Similarly, special enactments to reduce gender-based violence, like the Domestic Violence Act 2009, do not adequately cover burnings. There are many flaws in the present Act, which defines domestic violence as “any form of physical, mental, sexual and economic harm perpetrated by a person to a person with whom he or she has a family or domestic relationship”. Further, it defines ‘physical harm’ as an act of committing or causing bodily harm or injury by holding another as a captive, inflicting physical pain or any other act connected therewith and incidental thereto, except the act of breaking the limbs of the body. Even if we include burn cases under ‘physical harm’, the question arises, does the definition of physical harm narrow down the cases of burn injuries where the victim have broken their limbs?
Similarly, many burn cases are also due to dowry, which is still a prominent practice in society. Legal provisions have so far been unsuccessful at eliminating the practice. Section 5 of Social Practice (Reforms) Act 1976 restricts the husband and his family from compelling the wife to give dowry in connection with or after marriage. The punishment for contravention is a fine of up to Rs 10,000 and imprisonment for up to 15 days or both with forfeiture of property. Unlike India, our legal provision lacks a strong presumption of dowry death. In India, if a women dies due to burns or bodily injury within seven years of her marriage and if she was subject to cruelty or harassment by her husband or any other relative for, or in connection with, any demand for dowry, the husband or relative in question shall be deemed to have caused her death.
Although we have legal provisions, they do not address the grievance of victims effectively. The current legal regime ignores practical difficulties. Mostly in burn cases, the victim’s first priority is proper medical treatment. In the course of treatment and considering the nature and impact of the burn, victims are forced to spend a lot of money and time. In such a scenario, either the victim dies or the injury forces them to continue expensive medical treatment. In most burn cases, perpetrators are booked under homicide or attempted murder.

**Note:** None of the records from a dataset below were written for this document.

(* Let $\mu\in\mathcal P_c^*(\mathbb R^2)$. Then $\mathcal N_{\mathrm m}[\mu]\in L^\infty_\rho(\mathbb R)$.
   Context: $\mathbb S_1=\{x\in\mathbb R^2:\|x\|=1\}$; $\mathcal R_\theta[\mu]=(\langle\cdot,\theta\rangle)_\#\mu$. Fix a reference Borel probability measure $\rho$ on $\mathbb R$ without atoms. For a probability measure $\nu$ on $\mathbb R$ with $F_\nu(t)=\nu((-\infty,t])$, $F_\nu^{[-1]}(t)=\inf\{s:F_\nu(s)>t\}$ and the CDT is $\hat\nu=F_\nu^{[-1]}\circ F_\rho$; $\widehat{\mathcal R}_\theta[\mu]$ is the CDT of $\mathcal R_\theta[\mu]$. For $g\in L^2_\rho(\mathbb R)$, $\operatorname{mean}(g)=\int g\,\mathrm d\rho$, $\operatorname{std}(g)=(\int|g-\operatorname{mean}(g)|^2\mathrm d\rho)^{1/2}$. $\mathcal P_c^*(\mathbb R^2)$ is the set of compactly supported Borel probability measures on $\mathbb R^2$ whose support has affine hull of dimension $>1$. For such $\mu$: $\mathcal N_\theta[\mu](t)=\big(\widehat{\mathcal R}_\theta[\mu](t)-\operatorname{mean}(\widehat{\mathcal R}_\theta[\mu])\big)/\operatorname{std}(\widehat{\mathcal R}_\theta[\mu])$ and the max-normalized R-CDT is $\mathcal N_{\mathrm m}[\mu](t)=\sup_{\theta\in\mathbb S_1}\mathcal N_\theta[\mu](t)$, $t\in\mathbb R$. *)

theory Defs
  imports "HOL-Analysis.Analysis" "HOL-Probability.Probability"
begin

definition S1 :: "(real^2) set" where
  "S1 = {x. norm x = 1}"

definition msupp :: "'a::metric_space measure \<Rightarrow> 'a set" where
  "msupp M = {x. \<forall>e>0. emeasure M (ball x e) > 0}"

definition Pc_star :: "(real^2) measure set" where
  "Pc_star = {\<mu>. prob_space \<mu> \<and> sets \<mu> = sets borel \<and> compact (msupp \<mu>) \<and> aff_dim (msupp \<mu>) > 1}"

definition radon :: "real^2 \<Rightarrow> (real^2) measure \<Rightarrow> real measure" where
  "radon \<theta> \<mu> = distr \<mu> borel (\<lambda>x. inner x \<theta>)"

definition cdf_of :: "real measure \<Rightarrow> real \<Rightarrow> real" where
  "cdf_of \<nu> t = measure \<nu> {..t}"

definition gen_inv :: "(real \<Rightarrow> real) \<Rightarrow> real \<Rightarrow> real" where
  "gen_inv F t = Inf {s. F s > t}"

definition cdt :: "real measure \<Rightarrow> real measure \<Rightarrow> real \<Rightarrow> real" where
  "cdt \<rho> \<nu> = gen_inv (cdf_of \<nu>) \<circ> cdf_of \<rho>"

definition mean_rho :: "real measure \<Rightarrow> (real \<Rightarrow> real) \<Rightarrow> real" where
  "mean_rho \<rho> g = (\<integral>t. g t \<partial>\<rho>)"

definition std_rho :: "real measure \<Rightarrow> (real \<Rightarrow> real) \<Rightarrow> real" where
  "std_rho \<rho> g = sqrt (\<integral>t. (g t - mean_rho \<rho> g)\<^sup>2 \<partial>\<rho>)"

definition Ntheta :: "real measure \<Rightarrow> real^2 \<Rightarrow> (real^2) measure \<Rightarrow> real \<Rightarrow> real" where
  "Ntheta \<rho> \<theta> \<mu> t =
     (cdt \<rho> (radon \<theta> \<mu>) t - mean_rho \<rho> (cdt \<rho> (radon \<theta> \<mu>))) / std_rho \<rho> (cdt \<rho> (radon \<theta> \<mu>))"

text \<open>Max-normalized R-CDT; the supremum is taken in the extended reals so that it is always defined.\<close>
definition Nmax :: "real measure \<Rightarrow> (real^2) measure \<Rightarrow> real \<Rightarrow> ereal" where
  "Nmax \<rho> \<mu> t = (SUP \<theta>\<in>S1. ereal (Ntheta \<rho> \<theta> \<mu> t))"

definition Linf :: "real measure \<Rightarrow> (real \<Rightarrow> ereal) \<Rightarrow> bool" where
  "Linf \<rho> f \<longleftrightarrow> f \<in> borel_measurable \<rho> \<and> (\<exists>C::real. AE t in \<rho>. \<bar>f t\<bar> \<le> ereal C)"

end

theory Submission
  imports Defs
begin

(* All projections of \<mu> are supported in [-R, R], so every CDT (and its mean) is bounded by R,
   except for one junk value on the null set where F\<^sub>\<rho> = 1.  The support of \<mu> is not contained
   in a line; compactness of the circle then yields finitely many support points such that in
   every direction \<theta> two of them are D apart.  Balls of radius D/4 around these points have
   mass at least e > 0, so each CDT is at most some a on a \<rho>-set of measure e and at least
   a + D/2 on another one; hence its standard deviation is at least sqrt e * D/4, uniformly in \<theta>.
   The normalized CDTs are therefore uniformly bounded.  Each of them is nondecreasing where
   F\<^sub>\<rho> < 1 and constant elsewhere, and so is their supremum, which is thus measurable. *)

lemma borel_measurable_mono_on_Compl_const:
  fixes f :: "real \<Rightarrow> real"
  assumes "A \<in> sets borel" "mono_on A f" "\<And>s t. s \<notin> A \<Longrightarrow> t \<notin> A \<Longrightarrow> f s = f t"
  shows "f \<in> borel_measurable borel"
proof (rule borel_measurable_piecewise_mono[of "{A, - A}"])
  have "mono_on (- A) f"
    using assms(3) by (intro mono_onI) (metis ComplD order.refl)
  then show "mono_on c f" if "c \<in> {A, - A}" for c
    using that assms(2) by blast
qed (use assms(1) in auto)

But in the end, what does the victim get? Should the culprit’s imprisonment alone be cause for joy? Our penal system does not have provisions to hold perpetrators accountable to cover all the medical expenses of the victim. Particularly in burn cases, treatment can go on for years with general surgery to plastic surgery. In such a scenario, who is responsible for covering medical expenses? Is it the state’s duty or the victim’s right to demand medical assistance from the perpetrator?
It is very important that law should not be rigid and that it change with the times. Laws should respond to needs and notions of contemporary society. In cases of burns and any form of physical, sexual or emotional violence, there must be a scheme for compensation to provide interim and monetary relief to the victim. The said scheme must be managed either by the state and in case-to-case bases, perpetrators must compensate the victim.
In recent years, incidents of gender-based violence have been featured more often in the media. And yes, activists and human right defenders have publicly condemned existing legal provisions while contributing both directly and indirectly to victims. In the end, imprisonment alone does not serve victims. For them, medical treatment, rehabilitation and integration into society are paramount. Unlike Rihana and Chanda, there are many more victims whose voices haven’t reached Kathmandu. So it is important that we hear the loud cry for justice at local levels.